Kloster Morten, Tang Chao
Department of Bioengineering and Therapeutic Sciences, UCSF, San Francisco, California 94158, USA.
Nucleic Acids Res. 2008 Jun;36(11):3819-27. doi: 10.1093/nar/gkn288. Epub 2008 May 21.
The genetic code is degenerate--most amino acids can be encoded by from two to as many as six different codons. The synonymous codons are not used with equal frequency: not only are some codons favored over others, but also their usage can vary significantly from species to species and between different genes in the same organism. Known causes of codon bias include differences in mutation rates as well as selection pressure related to the expression level of a gene, but the standard analysis methods can account for only a fraction of the observed codon usage variation. We here introduce an explicit model of codon usage bias, inspired by statistical physics. Combining this model with a maximum likelihood approach, we are able to clearly identify different sources of bias in various genomes. We have applied the algorithm to Saccharomyces cerevisiae as well as 325 prokaryote genomes, and in most cases our model explains essentially all observed variance.

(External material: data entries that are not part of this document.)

lemma ln_one_plus_square_le:
  fixes x :: real
  assumes "x \<ge> 0"
  shows "ln (1 + x\<^sup>2) \<le> ln 2 + 2 * max 0 (ln x)"
proof (cases "x \<le> 1")
  case True
  then have "ln (1 + x\<^sup>2) \<le> ln 2"
    using assms by (simp add: power_le_one add_pos_nonneg)
  then show ?thesis by simp
next
  case False
  then have "1 \<le> x\<^sup>2" by (simp add: one_le_power)
  then have "1 + x\<^sup>2 \<le> 2 * x\<^sup>2" by simp
  then have "ln (1 + x\<^sup>2) \<le> ln (2 * x\<^sup>2)"
    using False by (subst ln_le_cancel_iff) (auto intro: add_pos_nonneg)
  also have "\<dots> = ln 2 + 2 * ln x" using False by (simp add: ln_mult ln_realpow)
  finally show ?thesis by simp
qed

lemma ln_one_plus_square_le_assoc_fun:
  assumes M: "weight_seq M" and "x \<ge> 0"
  shows "ln (1 + x\<^sup>2) \<le> 2 * assoc_fun M x + ln 2 + 2 * ln (M 1)"
proof -
  have M1: "ln (M 1) \<ge> 0" using weight_seq_1_ge_one[OF M] by simp
  have "max 0 (ln x) \<le> assoc_fun M x + ln (M 1)"
  proof (cases "x > 0")
    case True
    have "ln (x ^ 1 * M 0 / M 1) \<le> assoc_fun M x" by (rule ln_ratio_le_assoc_fun[OF M True])
    then have "ln x - ln (M 1) \<le> assoc_fun M x"
      using True weight_seq_pos[OF M, of 1] by (simp add: weight_seq_0[OF M] ln_div)
    then show ?thesis using assoc_fun_nonneg[OF M, of x] M1 by linarith
  qed (use assoc_fun_nonneg[OF M, of x] M1 \<open>x \<ge> 0\<close> in auto)
  then show ?thesis using ln_one_plus_square_le[OF \<open>x \<ge> 0\<close>] by linarith
qed

lemma assoc_fun_tilde_nonneg: "weight_seq M \<Longrightarrow> assoc_fun_tilde M t \<ge> 0"
  using assoc_fun_nonneg[of M t] by (simp add: assoc_fun_tilde_def)

lemma assoc_fun_tilde_mono_on:
  assumes M: "weight_seq M"
  shows "mono_on {0..} (assoc_fun_tilde M)"
proof (rule mono_onI)
  fix x y :: real
  assume "x \<in> {0..}" "x \<le> y"
  then have "assoc_fun M x \<le> assoc_fun M y" "x\<^sup>2 \<le> y\<^sup>2"
    using assoc_fun_mono[OF M] by (auto simp: mono_def power_mono)
  moreover have "ln (1 + x\<^sup>2) \<le> ln (1 + y\<^sup>2)"
    using \<open>x\<^sup>2 \<le> y\<^sup>2\<close> by (simp add: add_pos_nonneg)
  ultimately show "assoc_fun_tilde M x \<le> assoc_fun_tilde M y"
    by (simp add: assoc_fun_tilde_def)
qed

lemma borel_measurable_assoc_fun_tilde [measurable]:
  "weight_seq M \<Longrightarrow> assoc_fun_tilde M \<in> borel_measurable borel"
  unfolding assoc_fun_tilde_def
  using borel_measurable_mono[OF assoc_fun_mono] by measurable

section \<open>The transform \<open>\<kappa>\<close>\<close>

definition kappa_integrable :: "(real \<Rightarrow> real) \<Rightarrow> bool" where
  "kappa_integrable \<omega> \<longleftrightarrow> (\<forall>t\<ge>0. set_integrable lborel {1..} (\<lambda>s. \<omega> (t * s) / s\<^sup>2))"

lemma nn_integral_sqrt_div_square_tail:
  assumes c: "c > 0" and A: "A \<ge> 0"
  shows "(\<integral>\<^sup>+ s. ennreal (indicator {c..} s * (A * (sqrt s / s\<^sup>2))) \<partial>lborel)
    = ennreal (2 * A / sqrt c)"
proof -
  have powr_eq: "s powr (-3/2) = sqrt s / s\<^sup>2" if "s \<in> {c..}" for s
  proof -
    have "s powr (-3/2) = s powr (1/2) / s powr 2"
      using powr_diff[of s "1/2" 2] by simp
    then show ?thesis using that c by (simp add: powr_half_sqrt)
  qed
  have "-(c powr (-3/2 + 1)) / (-3/2 + 1) = 2 / sqrt c"
    using c by (simp add: powr_minus_divide powr_half_sqrt)
  then have "((\<lambda>s. s powr (-3/2)) has_integral 2 / sqrt c) {c..}"
    using has_integral_powr_to_inf[of "-3/2" c] c by simp
  then have "((\<lambda>s. sqrt s / s\<^sup>2) has_integral 2 / sqrt c) {c..}"
    by (rule has_integral_cong[THEN iffD1, rotated]) (rule powr_eq)
  then have "((\<lambda>s. A * (sqrt s / s\<^sup>2)) has_integral A * (2 / sqrt c)) {c..}"
    by (rule has_integral_mult_right)
  from nn_integral_has_integral_lebesgue[OF _ this] show ?thesis
    using c A by simp
qed

lemma ln_le_two_sqrt: "x > 0 \<Longrightarrow> ln x \<le> 2 * sqrt x"
  using ln_le_minus_one[of "sqrt x"] by (simp add: ln_sqrt)

lemma assoc_summand_div_square_le:
  fixes i :: nat
  assumes M: "weight_seq M" and u: "u > 0" and s: "s > 0"
  defines "m \<equiv> quot_seq M (Suc i)"
  shows "assoc_summand M (u * s) i / s\<^sup>2 \<le> indicator {m / u..} s * (2 * sqrt (u / m) * (sqrt s / s\<^sup>2))"
proof -
  have m: "m \<ge> 1" unfolding m_def by (rule quot_seq_ge_one[OF M])
  show ?thesis
  proof (cases "s < m / u")
    case True
    then have "u * s / m \<le> 1" using u m by (simp add: field_simps)
    then have "assoc_summand M (u * s) i = 0"
      using u s m by (simp add: assoc_summand_def m_def[symmetric])
    then show ?thesis using True by simp
  next
    case False
    have "assoc_summand M (u * s) i \<le> 2 * sqrt (u * s / m)"
      using ln_le_two_sqrt[of "u * s / m"] u s m by (simp add: assoc_summand_def m_def[symmetric])
    also have "\<dots> = 2 * sqrt (u / m) * sqrt s"
      by (simp add: real_sqrt_mult[symmetric])
    finally show ?thesis using False by (simp add: divide_right_mono)
  qed
qed
lemma solution_unique:
  assumes X: "is_solution D b \<beta> \<Lambda> X" and Y: "is_solution D b \<beta> \<Lambda> Y"
    and l: "l \<in> {0<..\<Lambda>}" and i: "i \<in> {1,2}"
  shows "X l i = Y l i"
proof -
  have halving: "\<bar>X s k - Y s k\<bar> \<le> R / 2 ^ n * s" if "s \<in> {0<..\<Lambda>}" "k \<in> {1,2}" for n s k
    using that
  proof (induction n arbitrary: s k)
    case 0
    then show ?case
      using solution_bounds[OF X "0.prems"] solution_bounds[OF Y "0.prems"] by (simp add: abs_le_iff)
  next
    case (Suc n)
    have "\<bar>X s k - Y s k\<bar> \<le> R / 2 ^ n / 2 * s"
      using R_nonneg Suc.IH Suc.prems by (intro solution_diff_contract[OF X Y]) auto
    then show ?case by (simp add: divide_divide_eq_left mult.commute)
  qed
  show ?thesis
  proof (rule ccontr)
    assume "X l i \<noteq> Y l i"
    moreover have pos: "0 < R * l + 1" using R_nonneg l by (simp add: add_nonneg_pos)
    ultimately have e: "0 < \<bar>X l i - Y l i\<bar> / (R * l + 1)" by simp
    obtain n where n: "(1/2::real) ^ n < \<bar>X l i - Y l i\<bar> / (R * l + 1)"
      using real_arch_pow_inv[OF e, of "1/2"] by auto
    have "R / 2 ^ n * l \<le> (R * l + 1) * (1/2) ^ n" by (simp add: power_divide divide_right_mono)
    also have "\<dots> < \<bar>X l i - Y l i\<bar>" using n pos_less_divide_eq[OF pos] by (simp add: mult.commute)
    finally show False using halving[OF l i, of n] by simp
  qed
qed

end

lemma (in renewal_equation) exists_small_window:
  assumes "0 < D 1 2" "0 < D 2 2"
  shows "\<exists>R \<Lambda>. small_window D b \<beta> R \<Lambda>"
proof -
  define R where "R = D 1 2 + D 2 2"
  define A where "A = \<Gamma> * K * R"
  define d where "d = min (D 1 2) (D 2 2)"
  define \<Lambda> where "\<Lambda> = min (1 / (4 * (A + 1))) (d / (A * R + 1))"
  have A: "0 \<le> A" and R: "0 \<le> R" and d: "0 < d"
    using Gamma_nonneg K_nonneg assms unfolding A_def R_def d_def by auto
  have "small_window D b \<beta> R \<Lambda>"
  proof unfold_locales
    show "D i 2 \<le> R" if "i \<in> {1,2}" for i using that assms unfolding R_def by auto
    show "0 < \<Lambda>" unfolding \<Lambda>_def using A R d by (simp add: add_nonneg_pos)
    have "\<Gamma> * \<Lambda> * K * R = A * \<Lambda>" unfolding A_def by simp
    also have "\<dots> \<le> A * (1 / (4 * (A + 1)))" unfolding \<Lambda>_def using A by (intro mult_left_mono) auto
    also have "\<dots> \<le> 1/4" using A by (simp add: field_simps)
    finally show "\<Gamma> * \<Lambda> * K * R \<le> 1/4" .
    show "\<Gamma> * \<Lambda> * (K * (R * R)) \<le> D i 2" if "i \<in> {1,2}" for i
    proof -
      have "\<Gamma> * \<Lambda> * (K * (R * R)) = A * R * \<Lambda>" unfolding A_def by simp
      also have "\<dots> \<le> A * R * (d / (A * R + 1))"
        unfolding \<Lambda>_def using A R by (intro mult_left_mono) auto
      also have "\<dots> \<le> d"
        using A R d by (simp add: divide_le_eq mult_left_mono add_nonneg_pos)
      also have "\<dots> \<le> D i 2" using that unfolding d_def by auto
      finally show ?thesis .
    qed
  qed
  then show ?thesis by blast
qed

theorem lemma7:
  fixes D :: "nat \<Rightarrow> nat \<Rightarrow> real" and b :: "nat \<Rightarrow> nat \<Rightarrow> nat \<Rightarrow> real"
  assumes D_pos: "\<forall>i\<in>{1,2}. \<forall>j\<in>{1,2}. 0 < D i j"
    and b_nonneg: "\<forall>i\<in>{1,2}. \<forall>j\<in>{1,2}. \<forall>k\<in>{1,2}. 0 \<le> b i j k"
    and b_sym: "\<forall>i\<in>{1,2}. \<forall>j\<in>{1,2}. \<forall>k\<in>{1,2}. b i j k = b i k j"
    and \<beta>: "0 < \<beta>" "\<beta> \<le> 1"
  shows "\<exists>\<Lambda>>0. \<exists>\<Omega>. is_solution D b \<beta> \<Lambda> \<Omega> \<and>
           (\<forall>\<Omega>'. is_solution D b \<beta> \<Lambda> \<Omega>' \<longrightarrow>
              (\<forall>l\<in>{0<..\<Lambda>}. \<forall>i\<in>{1,2}. \<Omega>' l i = \<Omega> l i))"
proof -
  interpret renewal_equation D b \<beta>
    using D_pos b_nonneg \<beta> by unfold_locales (auto intro: less_imp_le)
  obtain R \<Lambda> where "small_window D b \<beta> R \<Lambda>"
    using exists_small_window D_pos by blast
  then interpret small_window D b \<beta> R \<Lambda> .
  obtain \<Omega> where "is_solution D b \<beta> \<Lambda> \<Omega>" using solution_exists by blast
  then show ?thesis using Lambda_pos solution_unique by blast
qed

end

遗传密码是简并的——大多数氨基酸可以由2种至多达6种不同的密码子编码。同义密码子的使用频率并不相同:不仅某些密码子比其他密码子更受青睐,而且它们的使用在不同物种之间以及同一生物体的不同基因之间也可能有显著差异。已知密码子偏好的成因包括突变率的差异以及与基因表达水平相关的选择压力,但标准分析方法只能解释所观察到的密码子使用变异的一部分。我们在此引入一个受统计物理学启发的密码子使用偏好显式模型。将此模型与最大似然法相结合,我们能够清晰地识别各种基因组中不同的偏好来源。我们已将该算法应用于酿酒酵母以及325个原核生物基因组,在大多数情况下,我们的模型基本上解释了所有观察到的变异。